:: EXCERPTED DATA

lemma is_lead_monom_minor2:
  assumes vs: "set vs = Vars n" and range: "{p, p', q, q'} \<subseteq> {1..n+1}"
    and ne: "p \<noteq> p'" "q \<noteq> q'" "p \<noteq> q'" "p' \<noteq> q"
    and smallest: "p = q \<or> p' = q' \<or> var_below vs (p, q) {(p, q'), (p', q)}"
  shows "is_lead_monom vs (minor2 p p' q q') (mon (p, q') + mon (p', q))"
proof -
  define A where "A = mon (p, q') + mon (p', q)"
  have antidiag: "Xentry p q' * Xentry p' q = Poly_Mapping.single A 1"
    using ne by (simp add: Xentry_mult A_def)
  show ?thesis
  proof (cases "p = q \<or> p' = q'")
    case True
    then have "Xentry p q * Xentry p' q' = 0"
      by (auto simp: Xentry_def)
    then have "minor2 p p' q q' = - Poly_Mapping.single A 1"
      by (simp add: minor2_def antidiag)
    then show ?thesis
      unfolding A_def[symmetric] is_lead_monom_def by simp
  next
    case False
    define B where "B = mon (p, q) + mon (p', q')"
    have "Xentry p q * Xentry p' q' = Poly_Mapping.single B 1"
      using False by (simp add: Xentry_mult B_def)
    then have minor: "minor2 p p' q q' = Poly_Mapping.single B 1 - Poly_Mapping.single A 1"
      by (simp only: minor2_def antidiag)
    have "Poly_Mapping.lookup A (p, q) \<noteq> Poly_Mapping.lookup B (p, q)"
      using ne by (simp add: A_def B_def lookup_single_add_single)
    then have "A \<noteq> B" by auto
    then have keys: "Poly_Mapping.keys (minor2 p p' q q') = {A, B}"
      by (auto simp: minor in_keys_iff lookup_minus lookup_single when_def split: if_splits)
    have "Poly_Mapping.keys A \<subseteq> set vs" "Poly_Mapping.keys B \<subseteq> set vs"
      using range ne False keys_add[of "mon (p, q')" "mon (p', q)"]
        keys_add[of "mon (p, q)" "mon (p', q')"]
      by (auto simp: A_def B_def vs Vars_def)
    moreover have "\<not> drl_greater vs B A"
      using not_drl_greater_diag_antidiag[of p p' q q' vs] smallest False ne
      by (simp add: A_def B_def)
    ultimately have "drl_greater vs A B"
      using drl_total \<open>A \<noteq> B\<close> by blast
    then show ?thesis
      using \<open>A \<noteq> B\<close> by (auto simp: is_lead_monom_def keys A_def)
  qed
qed

definition standard_monom :: "nat \<Rightarrow> variable list \<Rightarrow> monomial \<Rightarrow> bool" where
  "standard_monom n vs m \<longleftrightarrow> (\<forall>g\<in>minors2 n. \<forall>mg. is_lead_monom vs g mg \<longrightarrow> \<not> monom_dvd mg m)"

lemma monom_dvd_mon_add_mon:
  assumes "x \<in> Poly_Mapping.keys m" "y \<in> Poly_Mapping.keys m" "x \<noteq> y"
  shows "monom_dvd (mon x + mon y) m"
  using assms by (auto simp: monom_dvd_def lookup_single_add_single in_keys_iff)
(* Let $z_1,z_2\in(0,1)$ and set $$\alpha_1=z_2\frac{1-z_1}{1+z_1},\qquad \alpha_2=\frac{1}{z_2}\frac{1-z_1}{1+z_1}.$$ Define, for $n\in\mathbb Z$, $$w_n=\int_{-\pi}^{\pi}\frac{d\theta}{2\pi}\,\frac{\left(1+\alpha_1\alpha_2-(\alpha_1+\alpha_2)\cos\theta\right)\cos(n\theta)-(\alpha_1-\alpha_2)\sin\theta\,\sin(n\theta)}{\sqrt{(1-2\alpha_1\cos\theta+\alpha_1^2)(1-2\alpha_2\cos\theta+\alpha_2^2)}},$$ the Fourier coefficients of the weight $w(\zeta)=\left[\frac{(1-\alpha_1\zeta)(1-\alpha_2\zeta^{-1})}{(1-\alpha_1\zeta^{-1})(1-\alpha_2\zeta)}\right]^{1/2}$ on $|\zeta|=1$ (these are the Toeplitz matrix elements whose $N\times N$ Toeplitz determinant gives the column correlation $\langle\sigma_{0,0}\sigma_{0,N}\rangle$ of the anisotropic square lattice Ising model). Then for every $n\in\mathbb Z$, \begin{multline*} 2\alpha_1\alpha_2(n-3)w_{n-3}-(1+\alpha_1\alpha_2)\left[(2n-5)\alpha_1+(2n-3)\alpha_2\right]w_{n-2}\\ +2\left[(n-2)\alpha_1^2+n\alpha_2^2+(n-1)(1+\alpha_1\alpha_2)^2\right]w_{n-1}\\ -(1+\alpha_1\alpha_2)\left[(2n-1)\alpha_1+(2n+1)\alpha_2\right]w_n+2\alpha_1\alpha_2(n+1)w_{n+1}=0 . \end{multline*}
   Context: Here $z_i=\tanh K_i$ where $K_1,K_2$ are the horizontal and vertical couplings of the square lattice Ising model (ferromagnetic regime); the square root in the integrand is taken positive. *)

theory Defs
  imports "HOL-Analysis.Analysis"
begin

definition ising_w :: "real \<Rightarrow> real \<Rightarrow> int \<Rightarrow> real" where
  "ising_w a1 a2 n =
     integral {-pi..pi}
       (\<lambda>\<theta>. ((1 + a1 * a2 - (a1 + a2) * cos \<theta>) * cos (of_int n * \<theta>)
               - (a1 - a2) * sin \<theta> * sin (of_int n * \<theta>))
             / sqrt ((1 - 2 * a1 * cos \<theta> + a1\<^sup>2) * (1 - 2 * a2 * cos \<theta> + a2\<^sup>2)))
     / (2 * pi)"

end

theory Submission
  imports Defs
begin

text \<open>
  Write \<open>P = 1 + \<alpha>\<^sub>1\<alpha>\<^sub>2 - (\<alpha>\<^sub>1 + \<alpha>\<^sub>2) cos \<theta>\<close> and \<open>Q = (\<alpha>\<^sub>1 - \<alpha>\<^sub>2) sin \<theta>\<close>. The
  integrand of \<open>w\<^sub>k\<close> is \<open>(P cos k\<theta> - Q sin k\<theta>) / \<surd>D\<close> with \<open>D = P\<^sup>2 + Q\<^sup>2\<close>, so it is
  bounded by 1. A trigonometric identity shows that the five-term combination of these
  integrands occurring in the recurrence (centred at \<open>m = n - 1\<close>) is twice the derivative
  of \<open>G(\<theta>) = (P sin m\<theta> + Q cos m\<theta>) \<surd>D\<close> wherever \<open>D > 0\<close>, i.e. off \<open>\<theta> \<in> {0, \<plusminus>\<pi>}\<close>.
  For integer \<open>m\<close>, \<open>G\<close> vanishes at \<open>\<plusminus>\<pi>\<close>, so the combination of the integrals is zero.
  The recurrence holds for all real \<open>\<alpha>\<^sub>1, \<alpha>\<^sub>2\<close>.
\<close>

definition ising_symbol :: "real \<Rightarrow> real \<Rightarrow> real \<Rightarrow> real" where
  "ising_symbol a1 a2 t = (1 - 2 * a1 * cos t + a1\<^sup>2) * (1 - 2 * a2 * cos t + a2\<^sup>2)"

definition ising_numerator :: "real \<Rightarrow> real \<Rightarrow> real \<Rightarrow> real \<Rightarrow> real" where
  "ising_numerator a1 a2 k t =
     (1 + a1 * a2 - (a1 + a2) * cos t) * cos (k * t) - (a1 - a2) * sin t * sin (k * t)"

definition ising_conjugate :: "real \<Rightarrow> real \<Rightarrow> real \<Rightarrow> real \<Rightarrow> real" where
  "ising_conjugate a1 a2 k t =
     (1 + a1 * a2 - (a1 + a2) * cos t) * sin (k * t) + (a1 - a2) * sin t * cos (k * t)"

definition ising_integrand :: "real \<Rightarrow> real \<Rightarrow> real \<Rightarrow> real \<Rightarrow> real" where
  "ising_integrand a1 a2 k t = ising_numerator a1 a2 k t / sqrt (ising_symbol a1 a2 t)"

definition ising_recurrence :: "real \<Rightarrow> real \<Rightarrow> real \<Rightarrow> (real \<Rightarrow> real) \<Rightarrow> real" where
  "ising_recurrence a1 a2 m f =
       2 * a1 * a2 * (m - 2) * f (m - 2)
     - (1 + a1 * a2) * ((2 * m - 3) * a1 + (2 * m - 1) * a2) * f (m - 1)
     + 2 * ((m - 1) * a1\<^sup>2 + (m + 1) * a2\<^sup>2 + m * (1 + a1 * a2)\<^sup>2) * f m
     - (1 + a1 * a2) * ((2 * m + 1) * a1 + (2 * m + 3) * a2) * f (m + 1)
     + 2 * a1 * a2 * (m + 2) * f (m + 2)"

lemma ising_w_eq_integral:
  "ising_w a1 a2 n = integral {-pi..pi} (ising_integrand a1 a2 (of_int n)) / (2 * pi)"
  unfolding ising_w_def ising_integrand_def ising_numerator_def ising_symbol_def ..

lemma ising_recurrence_divide:
  "ising_recurrence a1 a2 m (\<lambda>k. f k / c) = ising_recurrence a1 a2 m f / c"
  unfolding ising_recurrence_def by (simp add: diff_divide_distrib add_divide_distrib)

lemma has_integral_ising_recurrence:
  assumes "\<And>k. f k integrable_on S"
  shows "((\<lambda>t. ising_recurrence a1 a2 m (\<lambda>k. f k t)) has_integral
           ising_recurrence a1 a2 m (\<lambda>k. integral S (f k))) S"
  unfolding ising_recurrence_def
  by (intro has_integral_add has_integral_diff has_integral_mult_right integrable_integral assms)

lemma cos_sin_shift:
  fixes m t :: real
  shows "cos ((m + 1) * t) = cos (m * t) * cos t - sin (m * t) * sin t"
    and "sin ((m + 1) * t) = sin (m * t) * cos t + cos (m * t) * sin t"
    and "cos ((m - 1) * t) = cos (m * t) * cos t + sin (m * t) * sin t"
    and "sin ((m - 1) * t) = sin (m * t) * cos t - cos (m * t) * sin t"
    and "cos ((m + 2) * t) = cos (m * t) * (cos t ^ 2 - sin t ^ 2) - sin (m * t) * (2 * sin t * cos t)"
    and "sin ((m + 2) * t) = sin (m * t) * (cos t ^ 2 - sin t ^ 2) + cos (m * t) * (2 * sin t * cos t)"
    and "cos ((m - 2) * t) = cos (m * t) * (cos t ^ 2 - sin t ^ 2) + sin (m * t) * (2 * sin t * cos t)"
    and "sin ((m - 2) * t) = sin (m * t) * (cos t ^ 2 - sin t ^ 2) - cos (m * t) * (2 * sin t * cos t)"
  by (simp_all add: distrib_right left_diff_distrib cos_add sin_add cos_diff sin_diff
      cos_double sin_double)

lemma ising_symbol_eq_sum_squares:
  "ising_symbol a1 a2 t = (ising_numerator a1 a2 k t)\<^sup>2 + (ising_conjugate a1 a2 k t)\<^sup>2"
proof -
  define P where "P = 1 + a1 * a2 - (a1 + a2) * cos t"
  define Q where "Q = (a1 - a2) * sin t"
  have "ising_symbol a1 a2 t = P\<^sup>2 + Q\<^sup>2"
    using sin_cos_squared_add[of t] unfolding ising_symbol_def P_def Q_def by algebra
  also have "\<dots> = (P\<^sup>2 + Q\<^sup>2) * ((sin (k * t))\<^sup>2 + (cos (k * t))\<^sup>2)"
    by simp
  also have "\<dots> = (ising_numerator a1 a2 k t)\<^sup>2 + (ising_conjugate a1 a2 k t)\<^sup>2"
    unfolding ising_numerator_def ising_conjugate_def P_def[symmetric] Q_def[symmetric]
    by algebra
  finally show ?thesis .
qed

lemma ising_recurrence_numerator:
  "ising_recurrence a1 a2 m (\<lambda>k. ising_numerator a1 a2 k t) =
     2 * ising_symbol a1 a2 t
       * (m * ising_numerator a1 a2 m t
          + (a1 + a2) * sin t * sin (m * t) + (a1 - a2) * cos t * cos (m * t))
   + ising_conjugate a1 a2 m t
       * (2 * a1 * sin t * (1 - 2 * a2 * cos t + a2\<^sup>2) + 2 * a2 * sin t * (1 - 2 * a1 * cos t + a1\<^sup>2))"
  using sin_cos_squared_add[of t]
  unfolding ising_recurrence_def ising_numerator_def ising_conjugate_def ising_symbol_def
    cos_sin_shift
  by algebra

lemma abs_ising_integrand_le_1: "\<bar>ising_integrand a1 a2 k t\<bar> \<le> 1"
proof -
  have "\<bar>ising_numerator a1 a2 k t\<bar> \<le> sqrt (ising_symbol a1 a2 t)"
    by (rule real_le_rsqrt) (simp add: ising_symbol_eq_sum_squares[of _ _ _ k])
  then show ?thesis
    by (cases "sqrt (ising_symbol a1 a2 t) = 0")
      (simp_all add: ising_integrand_def divide_le_eq_1)
qed

lemma ising_integrand_integrable: "ising_integrand a1 a2 k integrable_on {-pi..pi}"
proof (rule measurable_bounded_by_integrable_imp_integrable[where g = "\<lambda>_. 1"])
  show "ising_integrand a1 a2 k \<in> borel_measurable (lebesgue_on {-pi..pi})"
    unfolding ising_integrand_def[abs_def] ising_numerator_def ising_symbol_def
    by (intro borel_measurable_divide continuous_imp_measurable_on_sets_lebesgue
        continuous_intros) auto
  show "norm (ising_integrand a1 a2 k t) \<le> 1" for t
    using abs_ising_integrand_le_1 by simp
qed auto

lemma ising_symbol_pos:
  assumes "sin t \<noteq> 0"
  shows "0 < ising_symbol a1 a2 t"
proof -
  have "1 - 2 * a * cos t + a\<^sup>2 = (a - cos t)\<^sup>2 + (sin t)\<^sup>2" for a
    using sin_cos_squared_add[of t] by algebra
  moreover have "0 < (a - cos t)\<^sup>2 + (sin t)\<^sup>2" for a
    using assms by (simp add: add_nonneg_pos)
  ultimately show ?thesis
    unfolding ising_symbol_def by simp
qed

lemma has_real_derivative_ising_conjugate:
  "(ising_conjugate a1 a2 m has_real_derivative
      m * ising_numerator a1 a2 m t
      + (a1 + a2) * sin t * sin (m * t) + (a1 - a2) * cos t * cos (m * t)) (at t)"
  unfolding ising_conjugate_def[abs_def] ising_numerator_def
  by (auto intro!: derivative_eq_intros simp: algebra_simps)

lemma has_real_derivative_ising_symbol:
  "(ising_symbol a1 a2 has_real_derivative
      2 * a1 * sin t * (1 - 2 * a2 * cos t + a2\<^sup>2) + 2 * a2 * sin t * (1 - 2 * a1 * cos t + a1\<^sup>2))
     (at t)"
  unfolding ising_symbol_def[abs_def]
  by (auto intro!: derivative_eq_intros simp: algebra_simps)

lemma has_real_derivative_ising_antiderivative:
  assumes "0 < ising_symbol a1 a2 t"
  shows "((\<lambda>t. ising_conjugate a1 a2 m t * sqrt (ising_symbol a1 a2 t)) has_real_derivative
           ising_recurrence a1 a2 m (\<lambda>k. ising_integrand a1 a2 k t) / 2) (at t)"
proof -
  define q where "q = sqrt (ising_symbol a1 a2 t)"
  have "0 < q" and "ising_symbol a1 a2 t = q\<^sup>2"
    using assms by (simp_all add: q_def)
  have integrand_recurrence:
    "ising_recurrence a1 a2 m (\<lambda>k. ising_integrand a1 a2 k t) =
       ising_recurrence a1 a2 m (\<lambda>k. ising_numerator a1 a2 k t) / q"
    unfolding ising_integrand_def q_def by (rule ising_recurrence_divide)
  show ?thesis
    by (rule DERIV_cong[OF DERIV_mult[OF has_real_derivative_ising_conjugate
          DERIV_chain2[OF DERIV_real_sqrt[OF assms] has_real_derivative_ising_symbol]]])
      (use \<open>0 < q\<close> \<open>ising_symbol a1 a2 t = q\<^sup>2\<close> in
        \<open>simp add: integrand_recurrence ising_recurrence_numerator field_simps power2_eq_square
          flip: q_def\<close>)
qed

lemma ising_recurrence_integrals_eq_0:
  assumes "m \<in> \<int>"
  shows "ising_recurrence a1 a2 m (\<lambda>k. integral {-pi..pi} (ising_integrand a1 a2 k)) = 0"
proof -
  let ?G = "\<lambda>t. ising_conjugate a1 a2 m t * sqrt (ising_symbol a1 a2 t)"
  have "((\<lambda>t. ising_recurrence a1 a2 m (\<lambda>k. ising_integrand a1 a2 k t) / 2)
          has_integral ?G pi - ?G (-pi)) {-pi..pi}"
  proof (rule fundamental_theorem_of_calculus_interior_strong[of "{0}"])
    fix t assume "t \<in> {-pi<..<pi} - {0}"
    then have "sin t \<noteq> 0"
      using sin_eq_0_pi by auto
    then show "(?G has_vector_derivative
                 ising_recurrence a1 a2 m (\<lambda>k. ising_integrand a1 a2 k t) / 2) (at t)"
      using has_real_derivative_ising_antiderivative ising_symbol_pos
      by (simp add: has_real_derivative_iff_has_vector_derivative)
  next
    show "continuous_on {-pi..pi} ?G"
      unfolding ising_conjugate_def ising_symbol_def by (intro continuous_intros)
  qed auto
  moreover have "((\<lambda>t. ising_recurrence a1 a2 m (\<lambda>k. ising_integrand a1 a2 k t) / 2) has_integral
      ising_recurrence a1 a2 m (\<lambda>k. integral {-pi..pi} (ising_integrand a1 a2 k)) / 2) {-pi..pi}"
    by (intro has_integral_divide has_integral_ising_recurrence ising_integrand_integrable)
  ultimately have "ising_recurrence a1 a2 m (\<lambda>k. integral {-pi..pi} (ising_integrand a1 a2 k)) / 2
                     = ?G pi - ?G (-pi)"
    by (rule has_integral_unique[rotated])
  moreover have "?G pi = 0" "?G (-pi) = 0"
    using assms by (simp_all add: ising_conjugate_def sin_times_pi_eq_0)
  ultimately show ?thesis
    by simp
qed

theorem corollary5:
  fixes z1 z2 a1 a2 :: real and n :: int
  assumes "0 < z1" "z1 < 1" "0 < z2" "z2 < 1"
    and "a1 = z2 * (1 - z1) / (1 + z1)"
    and "a2 = (1 / z2) * ((1 - z1) / (1 + z1))"
  shows "2 * a1 * a2 * of_int (n - 3) * ising_w a1 a2 (n - 3)
         - (1 + a1 * a2) * (of_int (2 * n - 5) * a1 + of_int (2 * n - 3) * a2) * ising_w a1 a2 (n - 2)
         + 2 * (of_int (n - 2) * a1\<^sup>2 + of_int n * a2\<^sup>2 + of_int (n - 1) * (1 + a1 * a2)\<^sup>2)
             * ising_w a1 a2 (n - 1)
         - (1 + a1 * a2) * (of_int (2 * n - 1) * a1 + of_int (2 * n + 1) * a2) * ising_w a1 a2 n
         + 2 * a1 * a2 * of_int (n + 1) * ising_w a1 a2 (n + 1) = 0"
proof -
  define m where "m = real_of_int n - 1"
  define W where "W k = integral {-pi..pi} (ising_integrand a1 a2 k) / (2 * pi)" for k
  have recurrence: "ising_recurrence a1 a2 m W = 0"
    unfolding W_def ising_recurrence_divide m_def
    by (simp add: ising_recurrence_integrals_eq_0)
  have w: "ising_w a1 a2 j = W (of_int j)" for j
    unfolding W_def ising_w_eq_integral ..
  have coefficients: "real_of_int (n - 3) = m - 2" "real_of_int (2 * n - 5) = 2 * m - 3"
    "real_of_int (2 * n - 3) = 2 * m - 1" "real_of_int (n - 2) = m - 1"
    "real_of_int (n - 1) = m" "real_of_int (2 * n - 1) = 2 * m + 1"
    "real_of_int (2 * n + 1) = 2 * m + 3" "real_of_int (n + 1) = m + 2" "real_of_int n = m + 1"
    unfolding m_def by simp_all
  show ?thesis
    using recurrence unfolding w coefficients ising_recurrence_def .
qed

end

::::

AIM OF THE TASK —
Only an exact copy of the listing above, from its first line up to and including the line with "(p, q) \<noteq>", counts as the answer.

RESULT FOR THIS TASK —
lemma is_lead_monom_minor2:
  assumes vs: "set vs = Vars n" and range: "{p, p', q, q'} \<subseteq> {1..n+1}"
    and ne: "p \<noteq> p'" "q \<noteq> q'" "p \<noteq> q'" "p' \<noteq> q"
    and smallest: "p = q \<or> p' = q' \<or> var_below vs (p, q) {(p, q'), (p', q)}"
  shows "is_lead_monom vs (minor2 p p' q q') (mon (p, q') + mon (p', q))"
proof -
  define A where "A = mon (p, q') + mon (p', q)"
  have antidiag: "Xentry p q' * Xentry p' q = Poly_Mapping.single A 1"
    using ne by (simp add: Xentry_mult A_def)
  show ?thesis
  proof (cases "p = q \<or> p' = q'")
    case True
    then have "Xentry p q * Xentry p' q' = 0"
      by (auto simp: Xentry_def)
    then have "minor2 p p' q q' = - Poly_Mapping.single A 1"
      by (simp add: minor2_def antidiag)
    then show ?thesis
      unfolding A_def[symmetric] is_lead_monom_def by simp
  next
    case False
    define B where "B = mon (p, q) + mon (p', q')"
    have "Xentry p q * Xentry p' q' = Poly_Mapping.single B 1"
      using False by (simp add: Xentry_mult B_def)
    then have minor: "minor2 p p' q q' = Poly_Mapping.single B 1 - Poly_Mapping.single A 1"
      by (simp only: minor2_def antidiag)
    have "Poly_Mapping.lookup A (p, q) \<noteq> Poly_Mapping.lookup B (p, q)"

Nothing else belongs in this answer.